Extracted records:
=====

text \<open>At an optimal power vector \<open>p\<close> with support \<open>T\<close>, moving along any direction \<open>d\<close> supported
  in \<open>T\<close> that leaves all interference sums unchanged keeps \<open>p\<close> feasible on both sides, so the
  directional derivative of the objective vanishes. Hence the vector \<open>h k / (1 + \<Sum>h p) - \<lambda> k\<close>, \<open>k \<in> T\<close>, is
  orthogonal to the common kernel of the \<open>M\<close> vectors \<open>g k m\<close>, \<open>k \<in> T\<close>, and therefore lies in their
  span: \<open>h\<close> restricted to \<open>T\<close> is a combination of \<open>\<lambda>\<close> and these \<open>M\<close> vectors. For \<open>|T| \<ge> M + 2\<close> the
  channels with this property form the image of a hyperplane under a smooth map, a Lebesgue null
  set, which is also \<open>P\<close>-null by absolute continuity.\<close>

lemma in_span_if_orthogonal_to_annihilator:
  fixes w :: "'a::euclidean_space"
  assumes "\<And>d. (\<And>u. u \<in> U \<Longrightarrow> u \<bullet> d = 0) \<Longrightarrow> w \<bullet> d = 0"
  shows "w \<in> span U"
proof -
  have "w \<in> (span U)\<^sup>\<bottom>\<^sup>\<bottom>"
  proof (unfold orthogonal_comp_def, intro CollectI ballI)
    fix d assume "d \<in> {x. \<forall>y\<in>span U. orthogonal y x}"
    hence "u \<bullet> d = 0" if "u \<in> U" for u
      using that span_base by (fastforce simp: orthogonal_def)
    thus "orthogonal d w" using assms by (simp add: orthogonal_def inner_commute)
  qed
  thus ?thesis by (simp add: orthogonal_comp_self)
qed

lemma span_with_axes_imp_combination_on:
  fixes v :: "'m::finite \<Rightarrow> real^'k::finite"
  assumes "w \<in> span (range v \<union> (\<lambda>k. axis k 1) ` (- T))"
  shows "\<exists>c. \<forall>k\<in>T. w $ k = (\<Sum>m\<in>UNIV. c m * v m $ k)"
  using assms
proof (induction rule: span_induct_alt)
  case base
  show ?case by (auto intro: exI[of _ "\<lambda>_. 0"])
next
  case (step a x y)
  then obtain c where c: "\<forall>k\<in>T. y $ k = (\<Sum>m\<in>UNIV. c m * v m $ k)" by blast
  from step.hyps(1) consider m0 where "x = v m0" | k0 where "k0 \<notin> T" "x = axis k0 1" by blast
  then show ?case
  proof cases
    case 1
    show ?thesis
      by (rule exI[of _ "\<lambda>m. c m + (if m = m0 then a else 0)"])
        (simp add: 1 c distrib_right sum.distrib if_distrib[of "\<lambda>t. t * _"] cong: if_cong)
  next
    case 2
    then show ?thesis using c by (auto simp: axis_def)
  qed
qed

definition degenerate_channel :: "'k set \<Rightarrow> real^'k \<Rightarrow> (real^('k::finite + ('k \<times> 'm::finite))) set" where
  "degenerate_channel T lam =
     {\<alpha>. \<exists>a c. \<forall>k\<in>T. \<alpha> $ Inl k = a * lam $ k + (\<Sum>m\<in>UNIV. c m * \<alpha> $ Inr (k, m))}"

text \<open>The free parameters \<open>a\<close> and \<open>c m\<close> of a degenerate channel are read off the coordinates
  \<open>h k0\<close> and \<open>h (\<sigma> m)\<close>, which the map overwrites, and the map never reads \<open>h k1\<close>;
  hence the degenerate channels are covered by the image of the hyperplane \<open>h k1 = 0\<close>.\<close>

definition degenerate_channel_param ::
  "'k set \<Rightarrow> real^'k \<Rightarrow> 'k \<Rightarrow> ('m \<Rightarrow> 'k)
     \<Rightarrow> real^('k::finite + ('k \<times> 'm::finite)) \<Rightarrow> real^('k + ('k \<times> 'm))" where
  "degenerate_channel_param T lam k0 \<sigma> x =
     (\<chi> i. case i of
        Inl k \<Rightarrow> if k \<in> T then x $ Inl k0 * lam $ k + (\<Sum>m\<in>UNIV. x $ Inl (\<sigma> m) * x $ Inr (k, m))
                 else x $ i
      | Inr _ \<Rightarrow> x $ i)"

lemma differentiable_degenerate_channel_param:
  fixes x :: "real^('k::finite + ('k \<times> 'm::finite))" and \<sigma> :: "'m \<Rightarrow> 'k"
  shows "degenerate_channel_param T lam k0 \<sigma> differentiable (at x within S)"
proof (subst differentiable_componentwise_within, intro ballI)
  fix b :: "real^('k + ('k \<times> 'm))" assume "b \<in> Basis"
  then obtain i where b: "b = axis i 1" by (auto simp: Basis_vec_def)
  have coord: "(\<lambda>x::real^('k + ('k \<times> 'm)). x $ j) differentiable (at x within S)" for j
    by (rule bounded_linear_imp_differentiable) (rule bounded_linear_vec_nth)
  show "(\<lambda>x. degenerate_channel_param T lam k0 \<sigma> x \<bullet> b) differentiable (at x within S)"
    unfolding b inner_axis degenerate_channel_param_def
    by (cases i; cases "projl i \<in> T") (auto intro!: derivative_intros coord)
qed

lemma degenerate_channel_subset_param_image:
  fixes T :: "'k::finite set" and \<sigma> :: "'m::finite \<Rightarrow> 'k"
  assumes k0: "k0 \<in> T" and k1: "k1 \<in> T" "k1 \<noteq> k0"
    and \<sigma>: "inj \<sigma>" "range \<sigma> \<subseteq> T - {k0, k1}"
  shows "degenerate_channel T lam
           \<subseteq> degenerate_channel_param T lam k0 \<sigma> ` {x. x $ Inl k1 = 0}"
proof
  fix \<alpha> :: "real^('k + ('k \<times> 'm))" assume "\<alpha> \<in> degenerate_channel T lam"
  then obtain a c where ac: "\<forall>k\<in>T. \<alpha> $ Inl k = a * lam $ k + (\<Sum>m\<in>UNIV. c m * \<alpha> $ Inr (k, m))"
    unfolding degenerate_channel_def by blast
  define x :: "real^('k + ('k \<times> 'm))" where
    "x = (\<chi> i. case i of
            Inl k \<Rightarrow> if k = k0 then a else if k \<in> range \<sigma> then c (inv \<sigma> k)
                     else if k \<in> T then 0 else \<alpha> $ i
          | Inr _ \<Rightarrow> \<alpha> $ i)"
  have "k1 \<notin> range \<sigma>" "\<And>m. \<sigma> m \<noteq> k0" using \<sigma>(2) by auto
  with k1 have "x $ Inl k1 = 0" by (simp add: x_def)
  moreover have "degenerate_channel_param T lam k0 \<sigma> x = \<alpha>"
  proof (subst vec_eq_iff, intro allI)
    fix i show "degenerate_channel_param T lam k0 \<sigma> x $ i = \<alpha> $ i"
    proof (cases i)
      case (Inl k)
      with k0 show ?thesis
        using ac \<sigma> \<open>\<And>m. \<sigma> m \<noteq> k0\<close> by (cases "k \<in> T") (auto simp: degenerate_channel_param_def x_def)
    qed (simp add: degenerate_channel_param_def x_def)
  qed
  ultimately show "\<alpha> \<in> degenerate_channel_param T lam k0 \<sigma> ` {x. x $ Inl k1 = 0}" by blast
qed

lemma negligible_degenerate_channel:
  fixes T :: "'k::finite set"
  assumes "CARD('m::finite) + 1 < card T"
  shows "negligible (degenerate_channel T lam :: (real^('k + ('k \<times> 'm))) set)"
proof -
  have "\<not> card T \<le> Suc 0" using assms by linarith
  then obtain k0 k1 where k01: "k0 \<in> T" "k1 \<in> T" "k0 \<noteq> k1"
    using card_le_Suc0_iff_eq[of T] by auto
  have "CARD('m) \<le> card (T - {k0, k1})" using assms k01 by (simp add: card_Diff_subset)
  then obtain \<sigma> :: "'m \<Rightarrow> 'k" where \<sigma>: "inj \<sigma>" "range \<sigma> \<subseteq> T - {k0, k1}"
    using card_le_inj[of "UNIV::'m set" "T - {k0, k1}"] by auto
  have "negligible {x :: real^('k + ('k \<times> 'm)). x $ Inl k1 = 0}"
    using negligible_hyperplane[of "axis (Inl k1) (1::real)" 0] by (simp add: inner_axis' axis_eq_0_iff)
  then have "negligible (degenerate_channel_param T lam k0 \<sigma> ` {x. x $ Inl k1 = 0})"
    by (intro negligible_differentiable_image_negligible)
      (auto simp: differentiable_on_def differentiable_degenerate_channel_param)
  then show ?thesis
    using negligible_subset degenerate_channel_subset_param_image[OF k01(1,2) k01(3)[symmetric] \<sigma>] by blast
qed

=====

- [PROBLEM TO SOLVE] From the data above, gather every line that includes the word "exists".

- [WRITTEN REPLY]
  shows "\<exists>c. \<forall>k\<in>T. w $ k = (\<Sum>m\<in>UNIV. c m * v m $ k)"
     {\<alpha>. \<exists>a c. \<forall>k\<in>T. \<alpha> $ Inl k = a * lam $ k + (\<Sum>m\<in>UNIV. c m * \<alpha> $ Inr (k, m))}"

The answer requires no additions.